Data for this exercise:
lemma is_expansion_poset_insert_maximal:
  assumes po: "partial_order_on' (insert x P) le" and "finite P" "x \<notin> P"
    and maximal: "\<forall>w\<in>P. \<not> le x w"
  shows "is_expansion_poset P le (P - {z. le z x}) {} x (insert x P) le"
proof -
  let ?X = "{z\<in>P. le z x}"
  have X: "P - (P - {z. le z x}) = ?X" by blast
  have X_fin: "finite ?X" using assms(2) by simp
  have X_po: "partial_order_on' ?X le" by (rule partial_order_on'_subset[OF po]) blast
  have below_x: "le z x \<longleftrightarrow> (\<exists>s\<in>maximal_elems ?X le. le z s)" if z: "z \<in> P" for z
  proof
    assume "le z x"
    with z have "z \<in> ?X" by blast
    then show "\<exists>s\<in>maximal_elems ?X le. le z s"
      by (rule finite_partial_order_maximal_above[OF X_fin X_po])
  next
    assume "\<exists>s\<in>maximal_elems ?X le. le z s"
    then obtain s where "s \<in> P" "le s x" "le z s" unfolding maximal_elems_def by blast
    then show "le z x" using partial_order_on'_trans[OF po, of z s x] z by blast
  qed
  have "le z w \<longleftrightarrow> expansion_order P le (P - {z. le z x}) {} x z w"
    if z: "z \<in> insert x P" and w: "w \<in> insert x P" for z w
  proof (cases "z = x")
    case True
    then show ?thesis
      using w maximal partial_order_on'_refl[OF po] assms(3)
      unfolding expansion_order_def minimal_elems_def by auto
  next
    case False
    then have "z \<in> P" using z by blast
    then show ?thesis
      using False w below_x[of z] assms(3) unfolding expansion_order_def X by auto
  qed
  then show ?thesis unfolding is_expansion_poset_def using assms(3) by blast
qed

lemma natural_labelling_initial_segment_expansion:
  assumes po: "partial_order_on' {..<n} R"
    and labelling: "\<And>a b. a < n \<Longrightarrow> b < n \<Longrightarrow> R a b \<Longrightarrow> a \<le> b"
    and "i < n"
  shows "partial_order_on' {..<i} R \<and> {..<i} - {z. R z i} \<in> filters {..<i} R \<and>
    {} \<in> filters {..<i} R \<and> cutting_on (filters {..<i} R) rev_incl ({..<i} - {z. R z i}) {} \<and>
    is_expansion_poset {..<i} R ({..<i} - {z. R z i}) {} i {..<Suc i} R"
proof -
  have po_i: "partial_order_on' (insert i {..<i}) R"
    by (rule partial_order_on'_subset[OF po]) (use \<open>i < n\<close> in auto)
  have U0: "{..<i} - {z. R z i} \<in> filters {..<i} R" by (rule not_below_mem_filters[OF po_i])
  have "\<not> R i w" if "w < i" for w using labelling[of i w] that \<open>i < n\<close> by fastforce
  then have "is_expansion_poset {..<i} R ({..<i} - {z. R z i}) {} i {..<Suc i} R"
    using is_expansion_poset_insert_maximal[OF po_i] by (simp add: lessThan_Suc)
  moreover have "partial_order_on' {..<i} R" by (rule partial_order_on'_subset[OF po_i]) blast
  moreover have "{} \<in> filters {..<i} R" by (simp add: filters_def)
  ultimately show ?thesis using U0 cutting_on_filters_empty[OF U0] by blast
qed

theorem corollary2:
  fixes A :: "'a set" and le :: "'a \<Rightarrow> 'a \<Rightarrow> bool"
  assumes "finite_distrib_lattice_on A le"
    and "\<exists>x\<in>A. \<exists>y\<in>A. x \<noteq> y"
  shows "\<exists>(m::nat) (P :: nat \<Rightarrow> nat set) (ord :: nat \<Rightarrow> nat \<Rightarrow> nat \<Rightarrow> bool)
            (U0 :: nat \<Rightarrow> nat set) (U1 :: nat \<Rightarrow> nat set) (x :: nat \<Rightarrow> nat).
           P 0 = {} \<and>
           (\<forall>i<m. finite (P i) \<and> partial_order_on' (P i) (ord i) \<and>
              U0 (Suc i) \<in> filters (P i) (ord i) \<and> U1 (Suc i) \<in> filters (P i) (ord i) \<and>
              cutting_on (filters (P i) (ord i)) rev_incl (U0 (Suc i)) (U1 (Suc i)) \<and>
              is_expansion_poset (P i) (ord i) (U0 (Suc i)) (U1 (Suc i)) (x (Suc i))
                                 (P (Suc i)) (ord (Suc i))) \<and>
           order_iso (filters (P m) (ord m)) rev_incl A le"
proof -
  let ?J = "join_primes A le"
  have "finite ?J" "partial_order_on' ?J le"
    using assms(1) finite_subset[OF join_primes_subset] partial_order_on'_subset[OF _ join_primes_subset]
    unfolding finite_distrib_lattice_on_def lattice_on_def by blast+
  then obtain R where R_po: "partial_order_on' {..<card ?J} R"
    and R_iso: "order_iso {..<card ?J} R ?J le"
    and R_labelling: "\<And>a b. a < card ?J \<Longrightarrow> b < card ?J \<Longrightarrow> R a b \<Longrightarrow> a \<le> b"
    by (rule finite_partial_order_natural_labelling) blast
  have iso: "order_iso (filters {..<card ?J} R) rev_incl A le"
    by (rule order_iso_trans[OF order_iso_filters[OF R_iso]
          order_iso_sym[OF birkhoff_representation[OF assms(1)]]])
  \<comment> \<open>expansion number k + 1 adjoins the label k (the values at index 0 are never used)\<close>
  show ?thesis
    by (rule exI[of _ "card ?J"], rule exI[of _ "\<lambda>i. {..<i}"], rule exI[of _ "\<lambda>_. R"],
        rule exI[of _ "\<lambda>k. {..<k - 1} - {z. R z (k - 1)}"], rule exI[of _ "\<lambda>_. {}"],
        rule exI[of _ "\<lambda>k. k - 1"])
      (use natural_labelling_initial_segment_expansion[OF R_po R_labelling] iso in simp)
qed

---

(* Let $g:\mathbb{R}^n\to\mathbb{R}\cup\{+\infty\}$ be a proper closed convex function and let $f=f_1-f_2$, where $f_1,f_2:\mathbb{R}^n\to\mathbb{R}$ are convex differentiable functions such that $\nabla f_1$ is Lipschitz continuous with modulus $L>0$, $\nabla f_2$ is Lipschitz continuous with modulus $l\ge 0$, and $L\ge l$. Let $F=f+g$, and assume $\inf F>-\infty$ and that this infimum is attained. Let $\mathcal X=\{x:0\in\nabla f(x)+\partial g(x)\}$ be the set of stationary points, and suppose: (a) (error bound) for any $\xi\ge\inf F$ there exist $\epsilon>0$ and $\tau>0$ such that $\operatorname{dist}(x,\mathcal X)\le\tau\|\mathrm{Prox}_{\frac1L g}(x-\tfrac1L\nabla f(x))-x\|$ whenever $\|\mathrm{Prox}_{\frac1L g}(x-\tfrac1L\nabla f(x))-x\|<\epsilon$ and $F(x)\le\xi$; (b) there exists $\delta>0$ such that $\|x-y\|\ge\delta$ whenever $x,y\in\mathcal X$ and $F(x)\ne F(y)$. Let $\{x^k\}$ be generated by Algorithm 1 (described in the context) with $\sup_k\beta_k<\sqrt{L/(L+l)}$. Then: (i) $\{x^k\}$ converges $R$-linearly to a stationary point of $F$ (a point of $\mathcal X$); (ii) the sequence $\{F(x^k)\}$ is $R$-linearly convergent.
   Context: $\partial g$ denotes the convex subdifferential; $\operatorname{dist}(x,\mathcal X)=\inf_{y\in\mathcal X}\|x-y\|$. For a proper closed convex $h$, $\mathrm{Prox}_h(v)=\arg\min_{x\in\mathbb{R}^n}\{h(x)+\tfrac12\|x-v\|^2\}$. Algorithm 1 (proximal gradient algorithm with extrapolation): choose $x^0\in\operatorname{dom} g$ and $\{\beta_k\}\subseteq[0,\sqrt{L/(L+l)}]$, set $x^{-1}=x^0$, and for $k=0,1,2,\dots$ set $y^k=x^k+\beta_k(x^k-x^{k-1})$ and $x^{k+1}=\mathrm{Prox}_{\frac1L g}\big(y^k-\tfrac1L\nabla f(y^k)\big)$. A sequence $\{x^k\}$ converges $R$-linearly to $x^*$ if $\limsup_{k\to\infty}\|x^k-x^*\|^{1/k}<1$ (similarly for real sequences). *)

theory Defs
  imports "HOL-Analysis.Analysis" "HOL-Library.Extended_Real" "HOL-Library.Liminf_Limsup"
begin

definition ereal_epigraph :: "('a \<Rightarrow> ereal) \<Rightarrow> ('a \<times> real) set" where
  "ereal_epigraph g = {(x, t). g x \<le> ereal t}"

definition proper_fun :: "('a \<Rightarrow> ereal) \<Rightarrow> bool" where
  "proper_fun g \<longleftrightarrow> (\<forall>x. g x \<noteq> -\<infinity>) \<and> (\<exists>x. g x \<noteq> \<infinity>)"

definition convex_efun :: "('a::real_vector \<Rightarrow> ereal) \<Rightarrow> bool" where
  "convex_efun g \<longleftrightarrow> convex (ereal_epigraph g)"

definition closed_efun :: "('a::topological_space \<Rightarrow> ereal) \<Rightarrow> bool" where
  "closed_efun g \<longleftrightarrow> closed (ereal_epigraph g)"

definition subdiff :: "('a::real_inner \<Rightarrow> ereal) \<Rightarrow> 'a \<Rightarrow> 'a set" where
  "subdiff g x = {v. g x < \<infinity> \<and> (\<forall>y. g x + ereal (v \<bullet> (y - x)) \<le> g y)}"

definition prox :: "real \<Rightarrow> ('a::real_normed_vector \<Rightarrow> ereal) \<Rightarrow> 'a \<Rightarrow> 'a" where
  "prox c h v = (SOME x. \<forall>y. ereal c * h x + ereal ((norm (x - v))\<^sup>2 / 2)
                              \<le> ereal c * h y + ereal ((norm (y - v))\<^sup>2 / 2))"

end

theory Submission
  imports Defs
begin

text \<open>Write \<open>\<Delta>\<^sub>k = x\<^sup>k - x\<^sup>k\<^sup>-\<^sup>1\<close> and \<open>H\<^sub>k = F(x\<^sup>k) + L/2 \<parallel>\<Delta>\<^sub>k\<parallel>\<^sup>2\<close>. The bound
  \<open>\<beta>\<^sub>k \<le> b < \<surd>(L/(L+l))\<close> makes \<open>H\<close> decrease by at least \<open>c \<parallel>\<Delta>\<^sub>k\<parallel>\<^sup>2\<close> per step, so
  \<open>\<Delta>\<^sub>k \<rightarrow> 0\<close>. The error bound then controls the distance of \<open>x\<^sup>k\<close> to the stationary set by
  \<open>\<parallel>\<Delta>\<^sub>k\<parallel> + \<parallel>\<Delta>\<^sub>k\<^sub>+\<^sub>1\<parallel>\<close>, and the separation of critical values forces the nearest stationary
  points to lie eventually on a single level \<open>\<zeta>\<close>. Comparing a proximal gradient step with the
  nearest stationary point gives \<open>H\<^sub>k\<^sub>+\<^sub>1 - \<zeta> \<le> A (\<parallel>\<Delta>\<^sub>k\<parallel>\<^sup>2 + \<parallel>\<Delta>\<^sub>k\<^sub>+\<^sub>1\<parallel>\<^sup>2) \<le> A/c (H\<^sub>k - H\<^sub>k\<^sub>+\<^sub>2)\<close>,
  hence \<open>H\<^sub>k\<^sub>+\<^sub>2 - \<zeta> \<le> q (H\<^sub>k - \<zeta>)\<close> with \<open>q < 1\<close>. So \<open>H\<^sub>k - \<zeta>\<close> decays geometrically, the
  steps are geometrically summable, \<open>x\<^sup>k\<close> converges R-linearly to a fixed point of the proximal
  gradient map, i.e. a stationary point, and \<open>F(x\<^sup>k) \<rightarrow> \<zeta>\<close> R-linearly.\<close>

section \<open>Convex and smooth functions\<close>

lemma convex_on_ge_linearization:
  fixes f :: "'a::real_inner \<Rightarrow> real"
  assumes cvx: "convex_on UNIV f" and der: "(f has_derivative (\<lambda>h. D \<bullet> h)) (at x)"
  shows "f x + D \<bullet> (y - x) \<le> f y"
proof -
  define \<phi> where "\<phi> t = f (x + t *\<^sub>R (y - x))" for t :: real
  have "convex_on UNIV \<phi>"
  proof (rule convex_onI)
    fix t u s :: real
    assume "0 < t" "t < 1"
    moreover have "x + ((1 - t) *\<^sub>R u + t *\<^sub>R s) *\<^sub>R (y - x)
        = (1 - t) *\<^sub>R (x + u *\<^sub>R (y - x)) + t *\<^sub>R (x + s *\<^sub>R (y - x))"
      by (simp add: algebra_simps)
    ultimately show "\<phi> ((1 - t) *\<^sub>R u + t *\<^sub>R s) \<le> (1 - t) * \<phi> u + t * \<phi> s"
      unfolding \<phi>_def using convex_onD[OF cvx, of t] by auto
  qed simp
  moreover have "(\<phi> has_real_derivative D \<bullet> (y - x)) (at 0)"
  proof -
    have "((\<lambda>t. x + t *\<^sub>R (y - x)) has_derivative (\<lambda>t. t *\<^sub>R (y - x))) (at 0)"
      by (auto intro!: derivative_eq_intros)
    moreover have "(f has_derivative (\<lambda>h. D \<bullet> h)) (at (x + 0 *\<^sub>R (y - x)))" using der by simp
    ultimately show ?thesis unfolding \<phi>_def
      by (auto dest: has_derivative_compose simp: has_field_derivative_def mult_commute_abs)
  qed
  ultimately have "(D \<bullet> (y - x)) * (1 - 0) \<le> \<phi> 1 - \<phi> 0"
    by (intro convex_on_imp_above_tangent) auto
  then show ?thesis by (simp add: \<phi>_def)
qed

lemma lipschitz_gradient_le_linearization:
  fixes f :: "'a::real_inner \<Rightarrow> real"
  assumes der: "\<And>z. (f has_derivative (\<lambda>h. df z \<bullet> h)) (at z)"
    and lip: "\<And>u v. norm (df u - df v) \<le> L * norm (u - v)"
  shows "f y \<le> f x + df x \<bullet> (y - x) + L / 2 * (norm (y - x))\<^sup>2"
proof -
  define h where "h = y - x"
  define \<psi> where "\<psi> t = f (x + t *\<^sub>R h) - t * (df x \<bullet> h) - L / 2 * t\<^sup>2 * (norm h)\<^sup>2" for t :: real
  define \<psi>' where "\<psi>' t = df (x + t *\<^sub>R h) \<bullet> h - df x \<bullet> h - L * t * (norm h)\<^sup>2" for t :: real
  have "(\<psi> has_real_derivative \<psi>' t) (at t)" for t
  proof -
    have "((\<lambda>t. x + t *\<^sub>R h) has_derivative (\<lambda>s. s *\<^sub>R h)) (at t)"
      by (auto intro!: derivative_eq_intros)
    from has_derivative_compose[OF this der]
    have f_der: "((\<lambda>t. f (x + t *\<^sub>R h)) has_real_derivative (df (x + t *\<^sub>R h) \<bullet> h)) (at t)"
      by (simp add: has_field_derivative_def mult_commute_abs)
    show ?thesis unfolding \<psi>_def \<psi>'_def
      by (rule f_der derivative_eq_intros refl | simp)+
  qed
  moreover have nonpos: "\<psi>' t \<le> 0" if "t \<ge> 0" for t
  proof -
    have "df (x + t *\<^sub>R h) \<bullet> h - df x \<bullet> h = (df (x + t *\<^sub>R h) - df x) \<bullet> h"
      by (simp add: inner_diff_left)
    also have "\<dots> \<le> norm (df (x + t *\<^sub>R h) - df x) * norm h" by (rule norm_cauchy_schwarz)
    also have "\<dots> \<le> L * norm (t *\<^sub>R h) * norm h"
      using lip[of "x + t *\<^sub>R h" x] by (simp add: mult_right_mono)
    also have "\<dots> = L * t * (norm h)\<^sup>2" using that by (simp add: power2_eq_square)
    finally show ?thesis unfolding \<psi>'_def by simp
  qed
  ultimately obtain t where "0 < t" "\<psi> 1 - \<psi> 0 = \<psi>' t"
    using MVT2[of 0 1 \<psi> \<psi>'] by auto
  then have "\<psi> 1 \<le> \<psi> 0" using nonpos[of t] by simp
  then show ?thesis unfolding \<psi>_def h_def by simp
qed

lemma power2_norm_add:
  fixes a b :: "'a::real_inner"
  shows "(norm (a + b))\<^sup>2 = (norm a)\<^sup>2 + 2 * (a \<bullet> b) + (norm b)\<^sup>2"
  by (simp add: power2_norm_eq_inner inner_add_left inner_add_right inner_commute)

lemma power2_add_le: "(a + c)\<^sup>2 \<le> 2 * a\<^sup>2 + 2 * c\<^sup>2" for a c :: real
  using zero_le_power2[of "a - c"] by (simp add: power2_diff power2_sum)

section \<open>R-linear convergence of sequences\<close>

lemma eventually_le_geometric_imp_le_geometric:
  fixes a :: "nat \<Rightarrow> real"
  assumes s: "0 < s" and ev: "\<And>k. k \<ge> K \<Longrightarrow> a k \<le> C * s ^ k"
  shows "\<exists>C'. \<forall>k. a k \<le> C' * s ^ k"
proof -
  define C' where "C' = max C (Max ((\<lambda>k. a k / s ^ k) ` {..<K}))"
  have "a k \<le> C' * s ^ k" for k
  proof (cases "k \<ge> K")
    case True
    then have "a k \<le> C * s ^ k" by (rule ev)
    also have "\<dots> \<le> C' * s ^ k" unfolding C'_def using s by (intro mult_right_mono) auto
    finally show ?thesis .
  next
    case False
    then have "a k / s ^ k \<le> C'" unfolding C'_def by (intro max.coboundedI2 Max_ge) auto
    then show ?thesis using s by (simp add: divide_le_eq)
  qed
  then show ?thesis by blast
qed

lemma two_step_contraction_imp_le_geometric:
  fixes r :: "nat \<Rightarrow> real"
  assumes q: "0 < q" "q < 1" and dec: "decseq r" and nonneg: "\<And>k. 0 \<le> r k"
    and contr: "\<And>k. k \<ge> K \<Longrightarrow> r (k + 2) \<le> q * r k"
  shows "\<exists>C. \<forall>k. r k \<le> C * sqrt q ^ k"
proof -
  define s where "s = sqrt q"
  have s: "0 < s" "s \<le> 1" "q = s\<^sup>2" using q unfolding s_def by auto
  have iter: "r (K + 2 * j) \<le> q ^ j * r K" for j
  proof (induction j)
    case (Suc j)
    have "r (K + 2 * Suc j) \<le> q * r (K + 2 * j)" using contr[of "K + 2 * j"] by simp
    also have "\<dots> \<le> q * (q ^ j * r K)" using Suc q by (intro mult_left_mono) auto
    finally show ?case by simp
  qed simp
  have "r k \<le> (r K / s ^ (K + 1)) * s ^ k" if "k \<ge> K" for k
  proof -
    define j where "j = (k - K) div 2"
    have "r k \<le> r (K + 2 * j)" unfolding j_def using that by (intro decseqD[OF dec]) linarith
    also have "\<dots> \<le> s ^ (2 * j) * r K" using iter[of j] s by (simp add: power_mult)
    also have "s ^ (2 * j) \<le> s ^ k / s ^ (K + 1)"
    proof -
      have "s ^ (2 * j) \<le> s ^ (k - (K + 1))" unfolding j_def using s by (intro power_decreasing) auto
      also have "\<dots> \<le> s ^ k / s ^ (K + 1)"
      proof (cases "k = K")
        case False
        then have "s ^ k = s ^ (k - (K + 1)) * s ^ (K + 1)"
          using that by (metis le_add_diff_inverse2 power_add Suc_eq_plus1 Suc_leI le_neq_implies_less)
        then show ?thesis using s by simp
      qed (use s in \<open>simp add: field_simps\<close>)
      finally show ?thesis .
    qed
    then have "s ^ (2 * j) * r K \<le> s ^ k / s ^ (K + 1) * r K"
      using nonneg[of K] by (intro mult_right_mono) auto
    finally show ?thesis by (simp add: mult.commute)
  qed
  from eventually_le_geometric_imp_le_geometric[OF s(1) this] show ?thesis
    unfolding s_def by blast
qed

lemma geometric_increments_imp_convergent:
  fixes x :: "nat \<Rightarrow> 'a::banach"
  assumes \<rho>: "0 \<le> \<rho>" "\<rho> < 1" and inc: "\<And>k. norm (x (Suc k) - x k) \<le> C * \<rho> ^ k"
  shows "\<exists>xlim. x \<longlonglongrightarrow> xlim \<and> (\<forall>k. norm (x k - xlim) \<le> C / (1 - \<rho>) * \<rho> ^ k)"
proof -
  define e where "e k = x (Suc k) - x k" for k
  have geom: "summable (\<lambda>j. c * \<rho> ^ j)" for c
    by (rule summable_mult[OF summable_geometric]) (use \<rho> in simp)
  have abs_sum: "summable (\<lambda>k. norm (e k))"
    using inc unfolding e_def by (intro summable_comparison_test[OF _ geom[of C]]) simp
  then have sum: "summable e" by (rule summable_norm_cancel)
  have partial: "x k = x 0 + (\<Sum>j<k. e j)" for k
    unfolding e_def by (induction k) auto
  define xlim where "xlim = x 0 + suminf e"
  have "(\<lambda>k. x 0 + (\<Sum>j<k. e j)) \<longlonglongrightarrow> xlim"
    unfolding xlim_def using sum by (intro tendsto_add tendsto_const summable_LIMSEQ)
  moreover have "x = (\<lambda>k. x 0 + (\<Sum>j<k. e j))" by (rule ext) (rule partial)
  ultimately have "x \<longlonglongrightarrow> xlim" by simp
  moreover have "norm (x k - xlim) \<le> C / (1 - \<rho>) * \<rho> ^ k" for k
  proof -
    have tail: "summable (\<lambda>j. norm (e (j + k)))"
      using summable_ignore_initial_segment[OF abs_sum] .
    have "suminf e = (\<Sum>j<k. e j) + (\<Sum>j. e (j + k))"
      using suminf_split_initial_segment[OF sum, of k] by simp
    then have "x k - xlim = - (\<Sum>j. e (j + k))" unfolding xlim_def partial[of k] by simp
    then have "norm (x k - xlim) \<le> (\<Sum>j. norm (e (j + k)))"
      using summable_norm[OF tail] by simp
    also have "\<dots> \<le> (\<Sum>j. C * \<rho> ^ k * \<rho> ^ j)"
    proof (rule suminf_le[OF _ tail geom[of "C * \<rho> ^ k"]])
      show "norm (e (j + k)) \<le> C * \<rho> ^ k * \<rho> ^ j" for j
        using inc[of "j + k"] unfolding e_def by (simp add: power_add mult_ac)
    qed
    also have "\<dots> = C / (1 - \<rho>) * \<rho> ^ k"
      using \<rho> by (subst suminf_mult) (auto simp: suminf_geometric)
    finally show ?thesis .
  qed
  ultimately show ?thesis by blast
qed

--

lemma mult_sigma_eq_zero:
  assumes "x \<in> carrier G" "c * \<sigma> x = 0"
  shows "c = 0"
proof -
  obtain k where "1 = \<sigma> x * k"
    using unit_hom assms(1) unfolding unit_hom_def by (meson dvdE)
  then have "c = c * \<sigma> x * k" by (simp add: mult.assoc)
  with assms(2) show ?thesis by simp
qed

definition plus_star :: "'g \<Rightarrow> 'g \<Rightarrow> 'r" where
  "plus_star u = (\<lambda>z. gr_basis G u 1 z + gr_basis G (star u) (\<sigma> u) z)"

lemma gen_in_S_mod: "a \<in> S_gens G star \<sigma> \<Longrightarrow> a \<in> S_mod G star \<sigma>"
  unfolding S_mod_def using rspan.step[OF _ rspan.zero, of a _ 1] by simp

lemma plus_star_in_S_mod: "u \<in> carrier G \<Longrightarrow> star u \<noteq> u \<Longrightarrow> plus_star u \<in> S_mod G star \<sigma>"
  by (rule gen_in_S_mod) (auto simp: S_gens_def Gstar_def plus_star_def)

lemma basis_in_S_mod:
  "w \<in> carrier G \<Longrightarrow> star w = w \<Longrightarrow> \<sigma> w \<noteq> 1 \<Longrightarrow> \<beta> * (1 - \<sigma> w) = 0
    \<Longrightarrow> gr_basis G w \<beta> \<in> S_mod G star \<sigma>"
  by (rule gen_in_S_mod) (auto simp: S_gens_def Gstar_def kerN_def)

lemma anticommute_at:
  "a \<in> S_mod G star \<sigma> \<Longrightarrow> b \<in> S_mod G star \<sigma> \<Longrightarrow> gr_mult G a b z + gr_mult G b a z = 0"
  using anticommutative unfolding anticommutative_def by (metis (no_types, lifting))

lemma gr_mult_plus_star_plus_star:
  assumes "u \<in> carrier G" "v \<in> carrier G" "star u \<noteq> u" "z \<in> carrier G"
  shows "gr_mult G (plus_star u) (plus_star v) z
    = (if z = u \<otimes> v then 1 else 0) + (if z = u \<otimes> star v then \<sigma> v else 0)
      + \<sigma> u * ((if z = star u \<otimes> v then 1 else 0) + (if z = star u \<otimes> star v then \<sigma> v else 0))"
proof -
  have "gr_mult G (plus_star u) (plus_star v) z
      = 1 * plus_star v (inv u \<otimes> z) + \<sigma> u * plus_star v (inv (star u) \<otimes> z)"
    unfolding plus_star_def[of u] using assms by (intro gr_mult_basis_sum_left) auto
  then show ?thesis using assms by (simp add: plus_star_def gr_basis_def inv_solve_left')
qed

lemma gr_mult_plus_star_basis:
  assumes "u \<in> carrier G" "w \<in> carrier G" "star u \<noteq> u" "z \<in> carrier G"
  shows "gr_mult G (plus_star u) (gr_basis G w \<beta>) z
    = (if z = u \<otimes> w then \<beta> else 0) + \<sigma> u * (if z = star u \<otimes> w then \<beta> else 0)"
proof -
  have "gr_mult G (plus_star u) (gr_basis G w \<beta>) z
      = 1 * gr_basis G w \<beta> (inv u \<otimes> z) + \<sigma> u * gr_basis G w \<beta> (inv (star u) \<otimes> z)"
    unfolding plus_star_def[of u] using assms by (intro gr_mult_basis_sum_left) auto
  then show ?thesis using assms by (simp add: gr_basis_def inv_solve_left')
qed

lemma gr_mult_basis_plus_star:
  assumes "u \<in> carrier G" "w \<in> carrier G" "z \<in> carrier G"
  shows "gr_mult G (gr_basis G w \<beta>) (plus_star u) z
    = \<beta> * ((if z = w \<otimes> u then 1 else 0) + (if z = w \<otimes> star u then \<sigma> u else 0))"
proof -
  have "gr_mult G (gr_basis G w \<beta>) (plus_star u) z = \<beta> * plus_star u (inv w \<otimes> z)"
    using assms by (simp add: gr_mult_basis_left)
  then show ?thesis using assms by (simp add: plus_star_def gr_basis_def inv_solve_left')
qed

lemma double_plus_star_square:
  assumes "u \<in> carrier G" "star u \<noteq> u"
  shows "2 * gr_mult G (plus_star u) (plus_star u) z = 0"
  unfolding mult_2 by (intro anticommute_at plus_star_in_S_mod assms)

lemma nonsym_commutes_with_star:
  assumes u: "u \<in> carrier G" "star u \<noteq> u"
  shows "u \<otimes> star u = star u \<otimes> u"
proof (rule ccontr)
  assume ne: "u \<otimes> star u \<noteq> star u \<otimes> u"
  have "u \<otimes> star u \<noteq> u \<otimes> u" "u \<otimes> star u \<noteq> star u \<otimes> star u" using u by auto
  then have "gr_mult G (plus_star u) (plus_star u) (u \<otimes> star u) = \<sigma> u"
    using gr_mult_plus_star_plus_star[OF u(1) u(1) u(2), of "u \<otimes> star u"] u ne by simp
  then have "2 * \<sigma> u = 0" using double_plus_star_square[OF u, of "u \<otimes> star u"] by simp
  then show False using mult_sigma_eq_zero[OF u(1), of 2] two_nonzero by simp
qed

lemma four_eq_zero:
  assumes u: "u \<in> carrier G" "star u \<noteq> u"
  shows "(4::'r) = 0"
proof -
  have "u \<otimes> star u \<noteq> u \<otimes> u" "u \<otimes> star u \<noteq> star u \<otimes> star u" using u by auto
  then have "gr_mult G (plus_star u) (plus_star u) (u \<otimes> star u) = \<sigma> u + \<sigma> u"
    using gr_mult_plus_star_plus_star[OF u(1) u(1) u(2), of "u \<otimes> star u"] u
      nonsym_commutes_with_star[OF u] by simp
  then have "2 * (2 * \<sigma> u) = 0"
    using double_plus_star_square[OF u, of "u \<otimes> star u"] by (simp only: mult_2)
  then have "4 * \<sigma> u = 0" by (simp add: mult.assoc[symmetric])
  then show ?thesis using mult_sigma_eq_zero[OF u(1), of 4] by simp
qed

Directions for this task: Among the entries above, the line containing "steps are geometrically", the line containing "gradient map, i.e.", and all lines between them are to be restated word for word; nothing else belongs in the reply.

Answer space:
  steps are geometrically summable, \<open>x\<^sup>k\<close> converges R-linearly to a fixed point of the proximal
  gradient map, i.e. a stationary point, and \<open>F(x\<^sup>k) \<rightarrow> \<zeta>\<close> R-linearly.\<close>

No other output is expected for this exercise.